New Balance Timeline: From Boston Running Shop to Global Sneaker Icon
The brand’s evolution spans over a century of consistent focus on fit, function, and domestic manufacturing that eventually became its greatest cultural asset.
- 1906 — William Riley founded the New Balance Arch Support Company in Boston, Massachusetts, initially making arch supports and orthopaedic shoes for people who spent long hours on their feet.
- 1960 — New Balance produced its first running shoe, the Trackster, the world’s first running shoe available in multiple widths, establishing the brand’s commitment to fit over fashion.
- 1976 — Runner’s World magazine named the New Balance 320 the best running shoe in the world, establishing the brand’s performance credibility among serious athletes.
- 1978 — Jim Davis purchased New Balance and committed to maintaining US manufacturing, a decision that would later become one of the brand’s most powerful differentiators.

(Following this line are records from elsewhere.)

lemma gpa_step_identity:
  fixes F :: "'a::euclidean_space \<Rightarrow> real"
  assumes momentum: "c *\<^sub>R (x - x') = z - x"
    and interp: "y = \<mu> *\<^sub>R x + (1 - \<mu>) *\<^sub>R z"
    and \<mu>: "\<mu> \<noteq> 1"
  shows "F x - F v = g y \<bullet> (z - v) + c * (F x' - F x)
     - 1 / (1 - \<mu>) * bregman F g y x - \<mu> / (1 - \<mu>) * bregman F g x y
     - c * bregman F g x' x - bregman F g v y"
proof -
  have "c * (g x \<bullet> (x' - x)) = - (g x \<bullet> (z - x))"
    using arg_cong[OF momentum, of "inner (g x)"] by (simp add: algebra_simps)
  then have B\<^sub>x\<^sub>x: "c * bregman F g x' x = c * (F x' - F x) + g x \<bullet> (z - x)"
    by (simp add: bregman_def algebra_simps)
  have "g x \<bullet> (y - x) = (1 - \<mu>) * (g x \<bullet> (z - x))"
    unfolding interp by (simp add: algebra_simps)
  then have B\<^sub>y\<^sub>x: "1 / (1 - \<mu>) * bregman F g y x = (F y - F x) / (1 - \<mu>) - g x \<bullet> (z - x)"
    using \<mu> by (simp add: bregman_def field_simps)
  have g\<^sub>y: "g y \<bullet> (x - y) = - (1 - \<mu>) * (g y \<bullet> (z - x))"
    unfolding interp by (simp add: algebra_simps)
  have B\<^sub>x\<^sub>y: "\<mu> / (1 - \<mu>) * bregman F g x y = \<mu> / (1 - \<mu>) * (F x - F y) + \<mu> * (g y \<bullet> (z - x))"
    unfolding bregman_def g\<^sub>y using \<mu> by (simp add: field_simps)
  have "g y \<bullet> (z - y) = \<mu> * (g y \<bullet> (z - x))"
    unfolding interp by (simp add: algebra_simps)
  then have B\<^sub>v\<^sub>y: "bregman F g v y = F v - F y + g y \<bullet> (z - v) - \<mu> * (g y \<bullet> (z - x))"
    by (simp add: bregman_def inner_diff_right)
  have "(F y - F x) / (1 - \<mu>) + \<mu> / (1 - \<mu>) * (F x - F y) = F y - F x"
    using \<mu> by (simp add: divide_simps) (simp add: algebra_simps)
  with B\<^sub>x\<^sub>x B\<^sub>y\<^sub>x B\<^sub>x\<^sub>y B\<^sub>v\<^sub>y show ?thesis
    by linarith
qed

lemma gpa_z_minus_x:
  assumes "1 \<le> t" and "\<mu> \<noteq> 1"
  shows "(\<mu> / (1 - \<mu>)) *\<^sub>R (gpa_x \<mu> z t - gpa_x \<mu> z (t - 1)) = z t - gpa_x \<mu> z t"
proof (cases "t = 1")
  case False
  with assms(1) obtain s where t: "t = Suc s" and "s \<noteq> 0"
    by (cases t) auto
  then have x\<^sub>t: "gpa_x \<mu> z t = \<mu> *\<^sub>R gpa_x \<mu> z s + (1 - \<mu>) *\<^sub>R z t"
    by simp
  have "gpa_x \<mu> z t - gpa_x \<mu> z s = (1 - \<mu>) *\<^sub>R (z t - gpa_x \<mu> z s)"
    unfolding x\<^sub>t by (simp add: algebra_simps)
  then have "(\<mu> / (1 - \<mu>)) *\<^sub>R (gpa_x \<mu> z t - gpa_x \<mu> z s) = \<mu> *\<^sub>R (z t - gpa_x \<mu> z s)"
    using assms(2) by simp
  also have "\<dots> = z t - gpa_x \<mu> z t"
    unfolding x\<^sub>t by (simp add: algebra_simps)
  finally show ?thesis
    using t by simp
qed (simp add: numeral_eq_Suc)

lemma gpa_step_bound:
  fixes F :: "'a::euclidean_space \<Rightarrow> real"
  assumes cvx: "convex_on UNIV F"
    and grad: "\<And>x. (F has_derivative (\<lambda>h. gradF x \<bullet> h)) (at x)"
    and t: "1 \<le> t" and "\<mu>\<^sub>x \<noteq> 1" "\<mu>\<^sub>y \<noteq> 1"
  shows "F (gpa_x \<mu>\<^sub>x z t) - F v
    \<le> gradF (gpa_y \<mu>\<^sub>x \<mu>\<^sub>y z t) \<bullet> (z t - v)
     + \<mu>\<^sub>x / (1 - \<mu>\<^sub>x) * (F (gpa_x \<mu>\<^sub>x z (t - 1)) - F (gpa_x \<mu>\<^sub>x z t))
     - 1 / (1 - \<mu>\<^sub>y) * bregman F gradF (gpa_y \<mu>\<^sub>x \<mu>\<^sub>y z t) (gpa_x \<mu>\<^sub>x z t)
     - \<mu>\<^sub>y / (1 - \<mu>\<^sub>y) * bregman F gradF (gpa_x \<mu>\<^sub>x z t) (gpa_y \<mu>\<^sub>x \<mu>\<^sub>y z t)
     - \<mu>\<^sub>x / (1 - \<mu>\<^sub>x) * bregman F gradF (gpa_x \<mu>\<^sub>x z (t - 1)) (gpa_x \<mu>\<^sub>x z t)"
proof -
  have "0 \<le> bregman F gradF v (gpa_y \<mu>\<^sub>x \<mu>\<^sub>y z t)"
    by (intro bregman_nonneg cvx grad)
  with gpa_step_identity[OF gpa_z_minus_x[OF t \<open>\<mu>\<^sub>x \<noteq> 1\<close>, of z] gpa_y_def \<open>\<mu>\<^sub>y \<noteq> 1\<close>,
      where F = F and g = gradF and v = v]
  show ?thesis
    by linarith
qed

lemma gpa_sum_bound:
  fixes F :: "'a::euclidean_space \<Rightarrow> real" and z :: "nat \<Rightarrow> 'a"
  assumes cvx: "convex_on UNIV F"
    and grad: "\<And>x. (F has_derivative (\<lambda>h. gradF x \<bullet> h)) (at x)"
    and minim: "\<And>x. F v \<le> F x"
    and \<mu>\<^sub>x: "0 \<le> \<mu>\<^sub>x" "\<mu>\<^sub>x < 1" and \<mu>\<^sub>y: "\<mu>\<^sub>y \<noteq> 1"
  shows "(\<Sum>t=1..T. F (gpa_x \<mu>\<^sub>x z t) - F v)
    \<le> (\<Sum>t=1..T. gradF (gpa_y \<mu>\<^sub>x \<mu>\<^sub>y z t) \<bullet> (z t - v))
     + \<mu>\<^sub>x / (1 - \<mu>\<^sub>x) * (F (gpa_x \<mu>\<^sub>x z 1) - F v)
     - 1 / (1 - \<mu>\<^sub>y) * (\<Sum>t=1..T. bregman F gradF (gpa_y \<mu>\<^sub>x \<mu>\<^sub>y z t) (gpa_x \<mu>\<^sub>x z t))
     - \<mu>\<^sub>y / (1 - \<mu>\<^sub>y) * (\<Sum>t=1..T. bregman F gradF (gpa_x \<mu>\<^sub>x z t) (gpa_y \<mu>\<^sub>x \<mu>\<^sub>y z t))
     - \<mu>\<^sub>x / (1 - \<mu>\<^sub>x) * (\<Sum>t=1..T. bregman F gradF (gpa_x \<mu>\<^sub>x z (t - 1)) (gpa_x \<mu>\<^sub>x z t))"
    (is "_ \<le> ?L + ?c * _ - ?B\<^sub>y\<^sub>x - ?B\<^sub>x\<^sub>y - ?c * ?B\<^sub>x\<^sub>x")
proof -
  let ?x = "gpa_x \<mu>\<^sub>x z" and ?y = "gpa_y \<mu>\<^sub>x \<mu>\<^sub>y z"
  have "0 \<le> ?c"
    using \<mu>\<^sub>x by simp
  have telescope: "(\<Sum>t=1..T. F (?x (t - 1)) - F (?x t)) = F (?x 0) - F (?x T)"
    using sum_lessThan_telescope'[of "\<lambda>t. F (?x t)" T]
    by (simp add: sum.atLeast1_atMost_eq del: gpa_x.simps)
  have "(\<Sum>t=1..T. F (?x t) - F v)
      \<le> (\<Sum>t=1..T. gradF (?y t) \<bullet> (z t - v) + ?c * (F (?x (t - 1)) - F (?x t))
          - 1 / (1 - \<mu>\<^sub>y) * bregman F gradF (?y t) (?x t)
          - \<mu>\<^sub>y / (1 - \<mu>\<^sub>y) * bregman F gradF (?x t) (?y t)
          - ?c * bregman F gradF (?x (t - 1)) (?x t))"
    using \<mu>\<^sub>x \<mu>\<^sub>y by (intro sum_mono gpa_step_bound[OF cvx grad]) auto
  also have "\<dots> = ?L + ?c * (F (?x 0) - F (?x T)) - ?B\<^sub>y\<^sub>x - ?B\<^sub>x\<^sub>y - ?c * ?B\<^sub>x\<^sub>x"
    using telescope by (simp only: sum.distrib sum_subtractf sum_distrib_left[symmetric])
  also have "\<dots> \<le> ?L + ?c * (F (?x 1) - F v) - ?B\<^sub>y\<^sub>x - ?B\<^sub>x\<^sub>y - ?c * ?B\<^sub>x\<^sub>x"
  proof -
    have "F (?x 0) - F (?x T) \<le> F (?x 1) - F v"
      using minim[of "?x T"] by simp
    from mult_left_mono[OF this \<open>0 \<le> ?c\<close>] show ?thesis
      by linarith
  qed
  finally show ?thesis .
qed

- 1980s-1990s — While Nike and Adidas signed Michael Jordan and ran global advertising campaigns, New Balance stayed focused on performance running, avoided celebrity endorsements, and kept manufacturing in New England and the UK.
- 2000s — The 574 and 990 silhouettes became associated with suburban dads and middle-aged runners, earning New Balance its “dad shoe” reputation while simultaneously building a loyal base of customers who valued comfort and quality over trends.

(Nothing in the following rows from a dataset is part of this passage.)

lemma le_mult_norm_powr_if_bounded_near_0:
  fixes f :: "'a::euclidean_space \<Rightarrow> real"
  assumes k: "k > 0" and cont: "continuous_on (cball 0 R - {0}) f"
    and near0: "\<exists>M. \<forall>\<^sub>F x in at 0. \<bar>norm x powr (- k) * f x\<bar> \<le> M"
    and f0: "f 0 \<le> 0"
  shows "\<exists>C>0. \<forall>x\<in>cball 0 R. f x \<le> C * norm x powr k"
proof -
  obtain M \<delta> where \<delta>: "\<delta> > 0" and M: "\<And>x. x \<noteq> 0 \<Longrightarrow> norm x < \<delta> \<Longrightarrow> \<bar>norm x powr (- k) * f x\<bar> \<le> M"
    using near0 unfolding eventually_at by (auto simp: dist_norm)
  define K where "K = cball 0 R - ball (0::'a) \<delta>"
  have "compact K" unfolding K_def by (intro compact_diff compact_cball open_ball)
  moreover have "continuous_on K f"
    by (rule continuous_on_subset[OF cont]) (use \<delta> in \<open>auto simp: K_def\<close>)
  ultimately have "bounded (f ` K)" by (simp add: compact_continuous_image compact_imp_bounded)
  then obtain B where "\<forall>y\<in>f ` K. \<bar>y\<bar> \<le> B" unfolding bounded_real by blast
  then have B: "f x \<le> B" if "x \<in> K" for x using that by fastforce
  define C where "C = \<bar>M\<bar> + \<bar>B\<bar> / \<delta> powr k + 1"
  have "0 \<le> \<bar>B\<bar> / \<delta> powr k" by simp
  moreover have "0 \<le> \<bar>M\<bar>" by simp
  ultimately have C: "C > 0" "\<bar>M\<bar> \<le> C" "\<bar>B\<bar> / \<delta> powr k \<le> C" unfolding C_def by linarith+
  have "f x \<le> C * norm x powr k" if x: "x \<in> cball 0 R" for x
  proof (cases "x = 0")
    case True
    then show ?thesis using f0 by simp
  next
    case False
    show ?thesis
    proof (cases "norm x < \<delta>")
      case True
      have "f x = norm x powr k * (norm x powr (- k) * f x)"
        using False by (simp add: powr_minus field_simps)
      also have "\<dots> \<le> norm x powr k * C"
        using M[OF False True] C(2) by (intro mult_left_mono) auto
      finally show ?thesis by (simp add: mult.commute)
    next
      case far: False
      have "f x \<le> \<bar>B\<bar> / \<delta> powr k * \<delta> powr k" using B[of x] x far \<delta> by (simp add: K_def)
      also have "\<dots> \<le> C * norm x powr k"
        using C far \<delta> k by (intro mult_mono powr_mono2) auto
      finally show ?thesis .
    qed
  qed
  with C(1) show ?thesis by blast
qed

lemma eq_at_0_if_continuous_and_const_right:
  fixes g :: "real \<Rightarrow> 'a::t2_space"
  assumes "continuous_on {0..} g" "\<forall>t>0. g t = c"
  shows "g 0 = c"
proof -
  have "(g \<longlongrightarrow> g 0) (at 0 within {0..})"
    using assms(1) by (simp add: continuous_on_def)
  then have "(g \<longlongrightarrow> g 0) (at_right 0)" by (simp add: at_within_Ici_at_right)
  moreover have "eventually (\<lambda>t. g t = c) (at_right (0::real))"
    using assms(2) by (auto simp: eventually_at_right_less eventually_at_filter)
  ultimately have "((\<lambda>t. c) \<longlongrightarrow> g 0) (at_right (0::real))"
    by (rule Lim_transform_eventually)
  then show ?thesis using tendsto_const tendsto_unique trivial_limit_at_right_real by metis
qed

lemma uniform_limit_if_exp_bound:
  fixes f :: "real \<Rightarrow> 'a \<Rightarrow> real"
  assumes \<mu>: "\<mu> > 0" and bound: "\<forall>t\<ge>0. \<forall>x\<in>S. \<bar>f t x - g x\<bar> \<le> C * exp (- \<mu> * t)"
  shows "uniform_limit S f g at_top"
  unfolding uniform_limit_iff
proof (intro allI impI)
  fix e :: real assume "e > 0"
  have "((\<lambda>t. C * exp (- \<mu> * t)) \<longlongrightarrow> 0) at_top"
    using \<mu> by real_asymp
  then have "\<forall>\<^sub>F t in at_top. C * exp (- \<mu> * t) < e \<and> t \<ge> 0"
    using \<open>e > 0\<close> order_tendstoD(2) eventually_ge_at_top eventually_conj by blast
  then show "\<forall>\<^sub>F t in at_top. \<forall>x\<in>S. dist (f t x) (g x) < e"
    by eventually_elim (use bound in \<open>force simp: dist_real_def\<close>)
qed

lemma add_scaleR_nonzero_if_abs_less_norm:
  fixes x e :: "'a::real_normed_vector"
  assumes "\<bar>s\<bar> < norm x" "norm e = 1"
  shows "x + s *\<^sub>R e \<noteq> 0"
proof
  assume "x + s *\<^sub>R e = 0"
  then have "norm x = \<bar>s\<bar>" using assms(2) by (simp add: eq_neg_iff_add_eq_0[symmetric])
  then show False using assms(1) by simp
qed

lemma radial_along_line_has_real_derivative:
  fixes u :: "'a::real_inner \<Rightarrow> real"
  assumes y: "x + s *\<^sub>R e \<noteq> 0"
    and G: "(G has_real_derivative G1) (at (norm (x + s *\<^sub>R e)))"
    and u: "(u has_derivative (\<lambda>h. Du \<bullet> h)) (at (x + s *\<^sub>R e))"
  shows "((\<lambda>s. G (norm (x + s *\<^sub>R e)) - u (x + s *\<^sub>R e)) has_real_derivative
      G1 * ((x + s *\<^sub>R e) \<bullet> e / norm (x + s *\<^sub>R e)) - Du \<bullet> e) (at s)"
  using DERIV_chain2[OF G norm_along_line_has_real_derivative[OF y]]
    has_real_derivative_along_line[OF u]
  by (intro DERIV_diff)

lemma radial_along_line_has_second_derivative:
  fixes x e :: "real^'n"
  assumes x: "x \<noteq> 0"
    and G1: "(G1 has_real_derivative G2) (at (norm x))"
    and Du: "(Du has_derivative (\<lambda>h. D2 *v h)) (at x)"
  shows "((\<lambda>s. G1 (norm (x + s *\<^sub>R e)) * ((x + s *\<^sub>R e) \<bullet> e / norm (x + s *\<^sub>R e))
             - Du (x + s *\<^sub>R e) \<bullet> e)
      has_real_derivative G2 * (x \<bullet> e / norm x)\<^sup>2
        + G1 (norm x) * (e \<bullet> e - (x \<bullet> e / norm x)\<^sup>2) / norm x - (D2 *v e) \<bullet> e) (at 0)"
proof -
  define r where "r = norm x"
  have r: "r > 0" using x by (simp add: r_def)
  have N: "((\<lambda>s. norm (x + s *\<^sub>R e)) has_real_derivative x \<bullet> e / r) (at 0)"
    using norm_along_line_has_real_derivative[of x 0 e] x by (simp add: r_def)
  have G1N: "((\<lambda>s. G1 (norm (x + s *\<^sub>R e))) has_real_derivative G2 * (x \<bullet> e / r)) (at 0)"
    by (rule DERIV_chain2[OF _ N]) (use G1 in \<open>simp add: r_def\<close>)
  have "((\<lambda>s. (x + s *\<^sub>R e) \<bullet> e) has_real_derivative e \<bullet> e) (at 0)"
    by (auto intro!: derivative_eq_intros simp: inner_add_left)
  from DERIV_divide[OF this N] r
  have Q: "((\<lambda>s. (x + s *\<^sub>R e) \<bullet> e / norm (x + s *\<^sub>R e)) has_real_derivative
      (e \<bullet> e - (x \<bullet> e / r)\<^sup>2) / r) (at 0)"
    by (simp add: r_def power2_eq_square field_simps)
  have "((\<lambda>y. Du y \<bullet> e) has_derivative (\<lambda>h. (D2 *v h) \<bullet> e)) (at (x + 0 *\<^sub>R e))"
    using Du by (auto intro!: derivative_eq_intros)
  from has_real_derivative_along_line[OF this]
  have D: "((\<lambda>s. Du (x + s *\<^sub>R e) \<bullet> e) has_real_derivative (D2 *v e) \<bullet> e) (at 0)" .
  show ?thesis
    using DERIV_diff[OF DERIV_mult[OF G1N Q] D] r
    by (simp add: r_def power2_eq_square algebra_simps)
qed

lemma sum_axis_radial_second_derivatives:
  fixes x :: "real^'n" and D2 :: "real^'n^'n"
  assumes x: "x \<noteq> 0"
  shows "(\<Sum>i\<in>UNIV. G2 * (x $ i / norm x)\<^sup>2 + G1 * (1 - (x $ i / norm x)\<^sup>2) / norm x - D2 $ i $ i)
    = G2 + (real CARD('n) - 1) / norm x * G1 - (\<Sum>i\<in>UNIV. D2 $ i $ i)"
proof -
  define r where "r = norm x"
  have r: "r > 0" using x by (simp add: r_def)
  have unit: "(\<Sum>i\<in>UNIV. (x $ i / r)\<^sup>2) = 1"
    using r by (simp add: r_def power_divide norm_vec_def L2_set_def sum_divide_distrib[symmetric])
  have "(\<Sum>i\<in>UNIV. G2 * (x $ i / r)\<^sup>2 + G1 * (1 - (x $ i / r)\<^sup>2) / r - D2 $ i $ i)
      = (\<Sum>i\<in>UNIV. (G2 - G1 / r) * (x $ i / r)\<^sup>2 + (G1 / r - D2 $ i $ i))"
    using r by (intro sum.cong) (auto simp: field_simps)
  also have "\<dots> = (G2 - G1 / r) * (\<Sum>i\<in>UNIV. (x $ i / r)\<^sup>2) + real CARD('n) * (G1 / r)
      - (\<Sum>i\<in>UNIV. D2 $ i $ i)"
    by (simp add: sum.distrib sum_subtractf sum_distrib_left)
  also have "\<dots> = G2 + (real CARD('n) - 1) / r * G1 - (\<Sum>i\<in>UNIV. D2 $ i $ i)"
    unfolding unit by (simp add: algebra_simps diff_divide_distrib)
  finally show ?thesis unfolding r_def[symmetric] .
qed

lemma radial_local_max_conditions:
  fixes u :: "real^'n \<Rightarrow> real" and Du :: "real^'n \<Rightarrow> real^'n" and D2 :: "real^'n^'n"
  assumes x: "x \<noteq> 0" and d: "0 < d" "d \<le> norm x"
    and u: "\<forall>y\<in>ball x d. (u has_derivative (\<lambda>h. Du y \<bullet> h)) (at y)"
    and Du: "(Du has_derivative (\<lambda>h. D2 *v h)) (at x)"
    and G: "\<forall>\<rho>>0. (G has_real_derivative G1 \<rho>) (at \<rho>)"
    and G1: "(G1 has_real_derivative G2) (at (norm x))"
    and max: "\<forall>y\<in>ball x d. \<sigma> * (G (norm y) - u y) \<le> \<sigma> * (G (norm x) - u x)"
  shows "\<sigma> * (G1 (norm x) - Du x \<bullet> (x /\<^sub>R norm x)) = 0"
    and "\<sigma> * (G2 + (real CARD('n) - 1) / norm x * G1 (norm x) - (\<Sum>i\<in>UNIV. D2 $ i $ i)) \<le> 0"
proof -
  have inball: "x + s *\<^sub>R e \<in> ball x d" if "\<bar>s\<bar> < d" "norm e = 1" for s e
    using that by (simp add: dist_norm)
  have nonzero: "x + s *\<^sub>R e \<noteq> 0" if "\<bar>s\<bar> < d" "norm e = 1" for s e
    using add_scaleR_nonzero_if_abs_less_norm that d by force
  have deriv: "((\<lambda>s. \<sigma> * (G (norm (x + s *\<^sub>R e)) - u (x + s *\<^sub>R e))) has_real_derivative
      \<sigma> * (G1 (norm (x + s *\<^sub>R e)) * ((x + s *\<^sub>R e) \<bullet> e / norm (x + s *\<^sub>R e))
        - Du (x + s *\<^sub>R e) \<bullet> e)) (at s)"
    if "\<bar>s\<bar> < d" "norm e = 1" for s e
    using nonzero[OF that] G u inball[OF that]
    by (intro DERIV_cmult radial_along_line_has_real_derivative) auto
  have line_max: "\<sigma> * (G (norm (x + s *\<^sub>R e)) - u (x + s *\<^sub>R e))
      \<le> \<sigma> * (G (norm (x + 0 *\<^sub>R e)) - u (x + 0 *\<^sub>R e))"
    if "\<bar>s\<bar> < d" "norm e = 1" for s e
    using max inball[OF that] by simp
  define e0 where "e0 = x /\<^sub>R norm x"
  have e0: "norm e0 = 1" "x \<bullet> e0 = norm x"
    using x by (auto simp: e0_def dot_square_norm power2_eq_square)
  have "\<sigma> * (G1 (norm (x + 0 *\<^sub>R e0)) * ((x + 0 *\<^sub>R e0) \<bullet> e0 / norm (x + 0 *\<^sub>R e0))
      - Du (x + 0 *\<^sub>R e0) \<bullet> e0) = 0"
    by (rule DERIV_local_max[OF deriv[OF _ e0(1)] d(1)]) (use d line_max e0(1) in auto)
  then show "\<sigma> * (G1 (norm x) - Du x \<bullet> (x /\<^sub>R norm x)) = 0"
    using e0 x by (simp add: e0_def)
  have axis: "\<sigma> * (G2 * (x $ i / norm x)\<^sup>2 + G1 (norm x) * (1 - (x $ i / norm x)\<^sup>2) / norm x
      - D2 $ i $ i) \<le> 0" for i
  proof -
    define e :: "real^'n" where "e = axis i 1"
    have e: "norm e = 1" "e \<bullet> e = 1" "x \<bullet> e = x $ i" "(D2 *v e) \<bullet> e = D2 $ i $ i"
      by (auto simp: e_def inner_axis matrix_vector_mult_basis column_def)
    show ?thesis
      using DERIV_local_max_second_nonpos[OF d(1) deriv[OF _ e(1)]
          DERIV_cmult[OF radial_along_line_has_second_derivative[OF x G1 Du, of e]]]
        line_max[OF _ e(1)] e by simp
  qed
  have "\<sigma> * (\<Sum>i\<in>UNIV. G2 * (x $ i / norm x)\<^sup>2 + G1 (norm x) * (1 - (x $ i / norm x)\<^sup>2) / norm x
      - D2 $ i $ i) \<le> 0"
    unfolding sum_distrib_left using axis by (intro sum_nonpos) auto
  then show "\<sigma> * (G2 + (real CARD('n) - 1) / norm x * G1 (norm x) - (\<Sum>i\<in>UNIV. D2 $ i $ i)) \<le> 0"
    unfolding sum_axis_radial_second_derivatives[OF x] .
qed

lemma parabolic_maximum_principle:
  fixes w :: "'a::euclidean_space \<Rightarrow> real \<Rightarrow> real"
  assumes R: "R > 0"
    and cont: "continuous_on (cball 0 R \<times> {0..}) (\<lambda>(x, t). w x t)"
    and init: "\<forall>x\<in>cball 0 R. w x 0 \<le> 0"
    and origin: "\<forall>t>0. w 0 t \<le> 0"
    and bdry: "\<forall>t>0. \<forall>x. norm x = R \<longrightarrow> w x t \<le> 0"
    and no_first_max: "\<And>x t. x \<in> ball 0 R \<Longrightarrow> x \<noteq> 0 \<Longrightarrow> t > 0 \<Longrightarrow> w x t > 0 \<Longrightarrow>
       \<forall>y\<in>cball 0 R. \<forall>s\<in>{0..t}. w y s \<le> w x t \<Longrightarrow> False"
  shows "\<forall>x\<in>cball 0 R. \<forall>t\<ge>0. w x t \<le> 0"
proof (intro ballI allI impI, rule ccontr)
  fix x0 t0 assume x0: "x0 \<in> cball 0 R" and t0: "t0 \<ge> 0" and pos0: "\<not> w x0 t0 \<le> 0"
  define K where "K = cball (0::'a) R \<times> {0..t0}"
  have "compact K" "K \<noteq> {}" using x0 t0 R by (auto simp: K_def intro!: compact_Times)
  moreover have "continuous_on K (\<lambda>(x, t). w x t)"
    by (rule continuous_on_subset[OF cont]) (auto simp: K_def)
  ultimately obtain p where p: "p \<in> K" "\<forall>q\<in>K. (\<lambda>(x, t). w x t) q \<le> (\<lambda>(x, t). w x t) p"
    using continuous_attains_sup by blast
  obtain x t where xt: "p = (x, t)" by (cases p)
  have x: "x \<in> cball 0 R" and t: "0 \<le> t" "t \<le> t0" using p(1) by (auto simp: xt K_def)
  have max: "\<forall>y\<in>cball 0 R. \<forall>s\<in>{0..t0}. w y s \<le> w x t" using p(2) by (auto simp: xt K_def)
  have pos: "w x t > 0" using max x0 t0 pos0 by force
  then have "t > 0" using init x t by (cases "t = 0") force+
  moreover have "x \<noteq> 0" using origin \<open>t > 0\<close> pos by auto
  moreover have "x \<in> ball 0 R" using bdry \<open>t > 0\<close> pos x by (cases "norm x = R") force+
  moreover have "\<forall>y\<in>cball 0 R. \<forall>s\<in>{0..t}. w y s \<le> w x t" using max t by auto
  ultimately show False using no_first_max pos by blast
qed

- 2015-2018 — Streetwear and fashion communities began rediscovering New Balance, drawn to the brand’s authentic heritage and the clean aesthetics of silhouettes like the 997 and 1500.
- 2020 — Teddy Santis was appointed creative director of New Balance’s Made in USA line, bringing a refined, fashion-forward perspective that elevated the brand’s cultural positioning without abandoning its performance roots.
- 2020-2023 — Collaborations with Aimé Leon Dore, Joe Freshgoods, and Salehe Bembury generated some of the most talked-about sneaker releases of the era, selling out within minutes and trading at significant resale premiums.
- 2024 — New Balance reached approximately $7 billion in annual revenue, surpassing Puma to become the third largest athletic footwear brand globally behind Nike and Adidas.
New Balance’s Authenticity Strategy: The Value of Never Selling Out
New Balance’s cultural revival is built on a foundation of authenticity that took decades to accumulate and could not have been manufactured on a shorter timeline.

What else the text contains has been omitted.